We hear about body shaming, slut shaming, and so on. Well, let's talk about parent shaming.
I find it very annoying that many parents find articles or blogs on the internet and they think "this must be the way it's supposed to be done!" In reality, those articles and blogs including this one are opinion. Even if it was written by a psychologist, it is opinion unless it is backed up by scientific proof. (There are many different schools of thought in psychology, many of them contradicting each other.)
I was shown a blog article written by a lady who detests the phrase "be careful" and tries her darnedest to not say it to her kids. She gives her reasons, and she has good reasons... for her. But she fails to point out that these are her opinions and her reasons, and her readers should read them objectively.
Take this excerpt for example:
"I have come to realize that the reason I detest "be careful" so much is because 99% of the time it is said to make the person saying it feel better/safer about the situation! It is usually said out of distraction, absentmindedly, out of not being truly present with our children."
In this passage she is asserting that this phrase is said [by all parents] out of distraction, absentmindedly, out of not being truly present with one's child.
I disagree. I think SHE says it because SHE is distracted, absentminded, and not being truly present with HER kids. That's why SHE says it, and that's why her mother said it (she says so in the blog) (which is likely why that is how she learned to say it and thinks it's the norm), but that is not why *I* say it.
Trust me, if I'm telling my 2.5 year old daughter to be careful, I have a reason and I am very, very aware of what she is doing at that moment. If I see her doing something dangerous, you can bet your bottom dollar I'm going to be monitoring what she's doing or even put a stop to it.
Let's say she's outside playing, and she wanders over by my husband's motorcycle. It's a big beast of a machine, and she likes to touch it. It is very possible that she could go from touching to smacking, from smacking to kicking, from kicking to climbing... And that motorcycle, being held up at an angle by a very small kick stand, could fall over ON TOP OF HER. She would be flat as a pancake. She could very well lose a limb if that 600+ pound machine fell on her. A motorcycle, you see, is not a toy for a 2 year old. It is not a jungle gym. I dare say a 2 year old should not play with a motorcycle! (My opinion.)
So, in this hypothetical situation, let's say I was standing over by the fence, looking something up on my phone. I look up and see her poking the motorcycle with a stick. Do I say "be careful" and then go back to browsing the internet? Ummmm NO! Good lord! I'm saying "Be careful!" and I'm quickly going over there to monitor her VERY CLOSELY and then directing her away when it looks like she's about to get a little more aggressive with the motorcycle.
Take a sit-and-spin, for another example. Sitting, yes. Standing, no.
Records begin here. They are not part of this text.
locale affine_basis =
  fixes C :: "'a::euclidean_space set"
  assumes independent: "\<not> affine_dependent C"
    and spanning: "affine hull C = UNIV"
begin

lemma finite_basis: "finite C"
  using independent aff_independent_finite by blast

lemma basis_nonempty: "C \<noteq> {}"
  using spanning by auto

lemma barycentric: "sum (barycentric C x) C = 1" "(\<Sum>c\<in>C. barycentric C x c *\<^sub>R c) = x"
proof -
  have "\<exists>w. sum w C = 1 \<and> (\<Sum>c\<in>C. w c *\<^sub>R c) = x"
    using spanning affine_hull_finite[OF finite_basis] by blast
  from someI_ex[OF this] show "sum (barycentric C x) C = 1" "(\<Sum>c\<in>C. barycentric C x c *\<^sub>R c) = x"
    unfolding barycentric_def by auto
qed

lemma barycentric_unique:
  assumes "sum w C = 1" "(\<Sum>c\<in>C. w c *\<^sub>R c) = x" "c \<in> C"
  shows "barycentric C x c = w c"
proof (rule ccontr)
  assume "barycentric C x c \<noteq> w c"
  moreover have "sum (\<lambda>d. barycentric C x d - w d) C = 0"
    using assms barycentric by (simp add: sum_subtractf)
  moreover have "(\<Sum>d\<in>C. (barycentric C x d - w d) *\<^sub>R d) = 0"
    using assms barycentric by (simp add: scaleR_diff_left sum_subtractf)
  ultimately have "affine_dependent C"
    using \<open>c \<in> C\<close> affine_dependent_explicit_finite[OF finite_basis] by force
  with independent show False ..
qed

lemma barycentric_translate:
  assumes "sum g C = 0" "c \<in> C"
  shows "barycentric C (x + (\<Sum>d\<in>C. g d *\<^sub>R d)) c = barycentric C x c + g c"
  using assms barycentric[of x]
  by (intro barycentric_unique) (auto simp: sum.distrib scaleR_add_left)

lemma convex_hull_iff_barycentric_nonneg:
  "x \<in> convex hull C \<longleftrightarrow> (\<forall>c\<in>C. 0 \<le> barycentric C x c)"
proof
  assume "x \<in> convex hull C"
  then obtain w where "\<forall>c\<in>C. 0 \<le> w c" "sum w C = 1" "(\<Sum>c\<in>C. w c *\<^sub>R c) = x"
    unfolding convex_hull_finite[OF finite_basis] by blast
  then show "\<forall>c\<in>C. 0 \<le> barycentric C x c"
    using barycentric_unique by simp
next
  assume "\<forall>c\<in>C. 0 \<le> barycentric C x c"
  then show "x \<in> convex hull C"
    using barycentric[of x] unfolding convex_hull_finite[OF finite_basis] by blast
qed

lemma linear_barycentric:
  assumes "c \<in> C"
  shows "linear (\<lambda>x. barycentric C x c - barycentric C 0 c)"
proof (rule linearI)
  fix x y
  have "barycentric C (x + y) c = barycentric C x c + barycentric C y c - barycentric C 0 c"
    using barycentric[of x] barycentric[of y] barycentric[of 0] assms
    by (intro barycentric_unique)
      (simp_all add: scaleR_add_left scaleR_diff_left sum.distrib sum_subtractf)
  then show "barycentric C (x + y) c - barycentric C 0 c
      = (barycentric C x c - barycentric C 0 c) + (barycentric C y c - barycentric C 0 c)"
    by simp
next
  fix r :: real and x
  have "barycentric C (r *\<^sub>R x) c = r * barycentric C x c + (1 - r) * barycentric C 0 c"
    using barycentric[of x] barycentric[of 0] assms
    by (intro barycentric_unique)
      (simp_all add: sum.distrib scaleR_add_left scaleR_sum_right[symmetric]
        sum_distrib_left[symmetric] flip: scaleR_scaleR)
  then show "barycentric C (r *\<^sub>R x) c - barycentric C 0 c
      = r *\<^sub>R (barycentric C x c - barycentric C 0 c)"
    by (simp add: algebra_simps)
qed

lemma barycentric_gradient:
  "\<exists>a b. \<forall>c\<in>C. \<forall>x. barycentric C x c = a c \<bullet> x + b c"
proof -
  have grad: "barycentric C x c = adjoint (\<lambda>x. barycentric C x c - barycentric C 0 c) 1 \<bullet> x
      + barycentric C 0 c" if "c \<in> C" for c x
    using adjoint_works[OF linear_barycentric[OF that], of x 1] by (simp add: inner_commute)
  show ?thesis
    by (intro exI ballI allI) (rule grad)
qed

lemma barycentric_affine:
  obtains a b where "\<forall>c\<in>C. \<forall>x. barycentric C x c = a c \<bullet> x + b c" "(\<Sum>c\<in>C. a c) = 0"
proof -
  obtain a b where a: "\<And>c x. c \<in> C \<Longrightarrow> barycentric C x c = a c \<bullet> x + b c"
    using barycentric_gradient by blast
  have sum_ab: "(\<Sum>c\<in>C. a c \<bullet> x + b c) = 1" for x
  proof -
    have "(\<Sum>c\<in>C. a c \<bullet> x + b c) = (\<Sum>c\<in>C. barycentric C x c)"
      by (intro sum.cong) (simp_all add: a)
    then show ?thesis
      using barycentric(1)[of x] by simp
  qed
  have "(\<Sum>c\<in>C. a c) \<bullet> x = 0" for x
    using sum_ab[of x] sum_ab[of 0] by (simp add: sum.distrib inner_sum_left)
  then have "(\<Sum>c\<in>C. a c) = 0"
    by (metis inner_eq_zero_iff)
  with a show thesis
    by (intro that[of a b]) simp_all
qed

lemma sum_barycentric_choice_nonneg:
  assumes "finite E" "card E \<le> DIM('a)" "ec ` C \<subseteq> E"
    and proj: "\<forall>u. norm u = 1 \<longrightarrow>
      (\<exists>v. (\<lambda>x. x + v) ` proj_perp u E \<subseteq> proj_perp u (convex hull C))"
  shows "0 \<le> (\<Sum>c\<in>C. barycentric C (ec c) c)"
proof -
  obtain a b where a: "\<forall>c\<in>C. \<forall>x. barycentric C x c = a c \<bullet> x + b c"
    and sum_a: "(\<Sum>c\<in>C. a c) = 0"
    by (rule barycentric_affine)
  define A where "A e = (\<Sum>c\<in>{c\<in>C. ec c = e}. a c)" for e
  have regroup: "(\<Sum>c\<in>C. a c \<bullet> \<phi> (ec c)) = (\<Sum>e\<in>E. A e \<bullet> \<phi> e)" for \<phi>
    using sum.group[OF finite_basis \<open>finite E\<close> assms(3), of "\<lambda>c. a c \<bullet> \<phi> (ec c)"]
    unfolding A_def inner_sum_left by simp
  have "(\<Sum>e\<in>E. A e) = 0"
    using sum.group[OF finite_basis \<open>finite E\<close> assms(3), of a] sum_a unfolding A_def by simp
  then obtain u where "norm u = 1" and Au: "\<And>e. e \<in> E \<Longrightarrow> A e \<bullet> u = 0"
    using exists_unit_orthogonal_if_sum_zero[OF \<open>finite E\<close> \<open>card E \<le> DIM('a)\<close>] by blast
  from proj[rule_format, OF \<open>norm u = 1\<close>] obtain v
    where v: "(\<lambda>x. x + v) ` proj_perp u E \<subseteq> proj_perp u (convex hull C)" ..
  have "\<forall>e\<in>E. \<exists>t\<in>convex hull C. \<exists>r. e + v = t + r *\<^sub>R u"
    by (intro ballI proj_perp_translate_subsetD[OF v])
  then obtain t r where t: "\<And>e. e \<in> E \<Longrightarrow> t e \<in> convex hull C"
    and tr: "\<And>e. e \<in> E \<Longrightarrow> e + v = t e + r e *\<^sub>R u"
    by metis
  have shift: "A e \<bullet> (e - t e) = - (A e \<bullet> v)" if "e \<in> E" for e
  proof -
    have "e - t e = (e + v - t e) - v"
      by (simp add: algebra_simps)
    moreover have "e + v - t e = r e *\<^sub>R u"
      using tr[OF that] by (metis add_diff_cancel_left')
    ultimately show ?thesis
      using Au[OF that] by (simp add: inner_diff_right)
  qed
  have "(\<Sum>e\<in>E. A e \<bullet> (e - t e)) = (\<Sum>e\<in>E. - (A e \<bullet> v))"
    by (rule sum.cong) (simp_all add: shift)
  also have "\<dots> = - ((\<Sum>e\<in>E. A e) \<bullet> v)"
    by (simp add: inner_sum_left sum_negf)
  finally have "(\<Sum>c\<in>C. a c \<bullet> (ec c - t (ec c))) = 0"
    using regroup[of "\<lambda>e. e - t e"] \<open>(\<Sum>e\<in>E. A e) = 0\<close> by simp
  moreover have "(\<Sum>c\<in>C. barycentric C (ec c) c) - (\<Sum>c\<in>C. barycentric C (t (ec c)) c)
      = (\<Sum>c\<in>C. a c \<bullet> (ec c - t (ec c)))"
    unfolding sum_subtractf[symmetric] by (intro sum.cong) (simp_all add: a[rule_format] inner_diff_right)
  ultimately have "(\<Sum>c\<in>C. barycentric C (ec c) c) = (\<Sum>c\<in>C. barycentric C (t (ec c)) c)"
    by simp
  also have "\<dots> \<ge> 0"
    using t assms(3) convex_hull_iff_barycentric_nonneg by (intro sum_nonneg) blast
  finally show ?thesis .
qed

lemma translate_into_convex_hull_if_sum_Min_nonneg:
  assumes "finite E" "E \<noteq> {}" "0 \<le> (\<Sum>c\<in>C. Min ((\<lambda>e. barycentric C e c) ` E))"
  shows "\<exists>v. (\<lambda>x. x + v) ` E \<subseteq> convex hull C"
proof -
  define m where "m c = Min ((\<lambda>e. barycentric C e c) ` E)" for c
  define g where "g c = (\<Sum>d\<in>C. m d) / card C - m c" for c
  have "sum g C = 0"
    using finite_basis basis_nonempty by (simp add: g_def sum_subtractf)
  have "x + (\<Sum>d\<in>C. g d *\<^sub>R d) \<in> convex hull C" if "x \<in> E" for x
    unfolding convex_hull_iff_barycentric_nonneg
  proof
    fix c assume "c \<in> C"
    have "m c \<le> barycentric C x c"
      unfolding m_def using assms(1) that by simp
    moreover have "0 \<le> (\<Sum>d\<in>C. m d) / card C"
      using assms(3) unfolding m_def by simp
    moreover have "barycentric C (x + (\<Sum>d\<in>C. g d *\<^sub>R d)) c = barycentric C x c + g c"
      using \<open>sum g C = 0\<close> \<open>c \<in> C\<close> by (rule barycentric_translate)
    ultimately show "0 \<le> barycentric C (x + (\<Sum>d\<in>C. g d *\<^sub>R d)) c"
      unfolding g_def by linarith
  qed
  then have "(\<lambda>x. x + (\<Sum>d\<in>C. g d *\<^sub>R d)) ` E \<subseteq> convex hull C"
    by (rule image_subsetI)
  then show ?thesis ..
qed

lemma exists_translate_into_convex_hull:
  assumes "finite E" "card E \<le> DIM('a)"
    and proj: "\<forall>u. norm u = 1 \<longrightarrow>
      (\<exists>v. (\<lambda>x. x + v) ` proj_perp u E \<subseteq> proj_perp u (convex hull C))"
  shows "\<exists>v. (\<lambda>x. x + v) ` E \<subseteq> convex hull C"
proof (cases "E = {}")
  case True
  then show ?thesis by simp
next
  case False
  have "\<forall>c. \<exists>e\<in>E. Min ((\<lambda>e. barycentric C e c) ` E) = barycentric C e c"
    using assms(1) False by (simp flip: image_iff)
  then obtain ec where "\<And>c. ec c \<in> E"
    and "\<And>c. Min ((\<lambda>e. barycentric C e c) ` E) = barycentric C (ec c) c"
    unfolding Bex_def choice_iff by blast
  then have "0 \<le> (\<Sum>c\<in>C. Min ((\<lambda>e. barycentric C e c) ` E))"
    using sum_barycentric_choice_nonneg[OF assms(1,2) _ proj] by auto
  then show ?thesis
    by (rule translate_into_convex_hull_if_sum_Min_nonneg[OF assms(1) False])
qed

end

lemma full_dim_simplex_affine_basis:
  fixes T :: "'a::euclidean_space set"
  assumes "int DIM('a) simplex T"
  obtains C where "affine_basis C" "T = convex hull C"
proof -
  obtain C where indep: "\<not> affine_dependent C" and "int (card C) = int DIM('a) + 1"
    and "T = convex hull C"
    using assms unfolding simplex_def by blast
  moreover from this have "aff_dim C = DIM('a)"
    by (simp add: aff_dim_affine_independent)
  then have "affine hull C = UNIV"
    by (simp add: aff_dim_eq_full)
  ultimately show thesis
    by (intro that[of C]) (simp_all add: affine_basis_def)
qed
Walking across the room and stepping on it with one foot, no no no... That thing could spin out from under her and she could fall HARD. If she's walking toward it, or she's experimenting with just stepping on it, I'm not going to say "be careful" and go back to crocheting. No, ma'am, I am going to say "Oh, honey, be very careful. If you step on it, it could spin and you could really hurt yourself!" I'm on it! And if she keeps it up, and I feel like an accident is inevitable, I'm going to direct her to play with it correctly or I'm going to put it away.
One could argue "I'm not going to tell her to be careful. I want her to be curious, and experiment with things. I don't want her to be afraid of life." That's GREAT! But, she's 2. What am I going to tell the doctor when her face is split open because I allowed her to play on exercise equipment? What will I say to the police when the doctor calls to report me for allowing her to use a 600+ lb motorcycle as a jungle gym "so she won't be afraid of life"?
"Well, officer, I did know she was climbing on the motorcycle, and while I'm very aware that it could topple on top of her and cause serious injury, I wanted her to learn that lesson herself. Even when her prosthetic leg comes in, I'm sure she'll never climb on another motorcycle!" (She'd be traumatized... great, let's do that to our kids and call it good parenting... Ha.)
I tell her to be careful when she needs to be careful. I tell her to be careful when she must be hyper aware of her body and how she's using it in relation to objects she's around. I think if I always use the term "be careful" in this sense, she will learn that it actually means she is toying with a possibly dangerous situation and should, in fact, be careful. If mom says be careful, maybe that means she should actually use caution. You know?
So, oh my goodness--just because one blogger on the internet learned the incorrect usage of the term "be careful" and detests it does not mean that it's bad parenting if you use it! Please do watch your kids, and teach them to be careful when they need to be!
That's my opinion, and I'm sticking to it!